**Task instructions:**
Which lines of the records hold the string "that"? Report only how many of them there are.

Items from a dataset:
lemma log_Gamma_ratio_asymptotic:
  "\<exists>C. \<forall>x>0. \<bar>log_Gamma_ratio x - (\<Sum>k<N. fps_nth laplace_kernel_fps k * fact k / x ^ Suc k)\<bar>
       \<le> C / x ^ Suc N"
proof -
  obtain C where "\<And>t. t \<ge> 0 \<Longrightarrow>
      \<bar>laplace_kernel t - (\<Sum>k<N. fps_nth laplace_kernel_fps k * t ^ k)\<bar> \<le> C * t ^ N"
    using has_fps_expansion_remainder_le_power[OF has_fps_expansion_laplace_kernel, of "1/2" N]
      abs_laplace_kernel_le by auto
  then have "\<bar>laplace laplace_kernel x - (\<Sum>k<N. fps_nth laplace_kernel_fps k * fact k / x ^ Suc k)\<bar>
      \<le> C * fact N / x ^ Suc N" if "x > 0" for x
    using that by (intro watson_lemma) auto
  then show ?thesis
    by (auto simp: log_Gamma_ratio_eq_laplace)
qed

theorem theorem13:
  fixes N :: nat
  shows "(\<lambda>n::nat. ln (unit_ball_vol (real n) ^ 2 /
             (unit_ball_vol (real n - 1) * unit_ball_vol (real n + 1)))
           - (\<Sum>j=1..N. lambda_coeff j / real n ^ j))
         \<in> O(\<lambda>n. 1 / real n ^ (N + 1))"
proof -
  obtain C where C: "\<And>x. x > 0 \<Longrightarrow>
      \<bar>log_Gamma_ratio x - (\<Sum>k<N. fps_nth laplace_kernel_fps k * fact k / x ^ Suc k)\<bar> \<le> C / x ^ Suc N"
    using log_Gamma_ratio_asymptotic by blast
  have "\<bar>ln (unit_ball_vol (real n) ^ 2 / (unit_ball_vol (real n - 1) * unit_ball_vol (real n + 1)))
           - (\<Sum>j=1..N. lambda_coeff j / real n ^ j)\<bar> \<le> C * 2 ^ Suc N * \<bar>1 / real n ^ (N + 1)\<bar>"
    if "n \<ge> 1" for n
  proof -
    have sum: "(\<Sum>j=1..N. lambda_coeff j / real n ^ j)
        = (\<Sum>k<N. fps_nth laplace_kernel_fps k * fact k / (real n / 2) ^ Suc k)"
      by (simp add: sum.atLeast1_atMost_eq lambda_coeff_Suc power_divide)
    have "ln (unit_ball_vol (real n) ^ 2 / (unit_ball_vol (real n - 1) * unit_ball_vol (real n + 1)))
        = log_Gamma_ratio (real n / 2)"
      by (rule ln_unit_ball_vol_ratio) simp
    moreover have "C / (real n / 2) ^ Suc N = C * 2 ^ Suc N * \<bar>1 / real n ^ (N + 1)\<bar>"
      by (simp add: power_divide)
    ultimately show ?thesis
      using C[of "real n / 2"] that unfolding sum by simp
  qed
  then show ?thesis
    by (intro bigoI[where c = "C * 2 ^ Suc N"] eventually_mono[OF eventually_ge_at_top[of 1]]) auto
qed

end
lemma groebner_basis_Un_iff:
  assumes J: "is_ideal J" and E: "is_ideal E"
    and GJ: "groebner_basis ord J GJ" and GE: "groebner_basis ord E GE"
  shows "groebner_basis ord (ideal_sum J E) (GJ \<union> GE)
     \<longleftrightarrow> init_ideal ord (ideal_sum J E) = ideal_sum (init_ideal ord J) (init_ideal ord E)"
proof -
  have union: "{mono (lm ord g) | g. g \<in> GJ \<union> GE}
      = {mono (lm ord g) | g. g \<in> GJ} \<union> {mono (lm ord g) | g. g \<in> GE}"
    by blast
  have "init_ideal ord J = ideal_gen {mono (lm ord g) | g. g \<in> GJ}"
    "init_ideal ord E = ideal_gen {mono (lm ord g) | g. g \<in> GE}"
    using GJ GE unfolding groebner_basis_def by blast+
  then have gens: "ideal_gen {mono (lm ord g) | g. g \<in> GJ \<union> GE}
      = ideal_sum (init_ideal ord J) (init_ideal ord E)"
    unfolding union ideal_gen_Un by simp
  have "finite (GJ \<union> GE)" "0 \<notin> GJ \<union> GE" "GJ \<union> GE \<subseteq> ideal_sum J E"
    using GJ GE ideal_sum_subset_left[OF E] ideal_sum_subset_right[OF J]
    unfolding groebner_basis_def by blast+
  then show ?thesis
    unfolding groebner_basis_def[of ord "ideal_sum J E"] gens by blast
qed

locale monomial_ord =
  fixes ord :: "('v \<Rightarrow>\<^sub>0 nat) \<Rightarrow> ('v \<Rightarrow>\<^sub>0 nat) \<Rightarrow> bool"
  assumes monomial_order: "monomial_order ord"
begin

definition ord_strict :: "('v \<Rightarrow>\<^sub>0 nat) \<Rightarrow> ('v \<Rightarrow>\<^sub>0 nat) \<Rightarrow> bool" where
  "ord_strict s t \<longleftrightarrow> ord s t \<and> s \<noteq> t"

**Written answer:**
2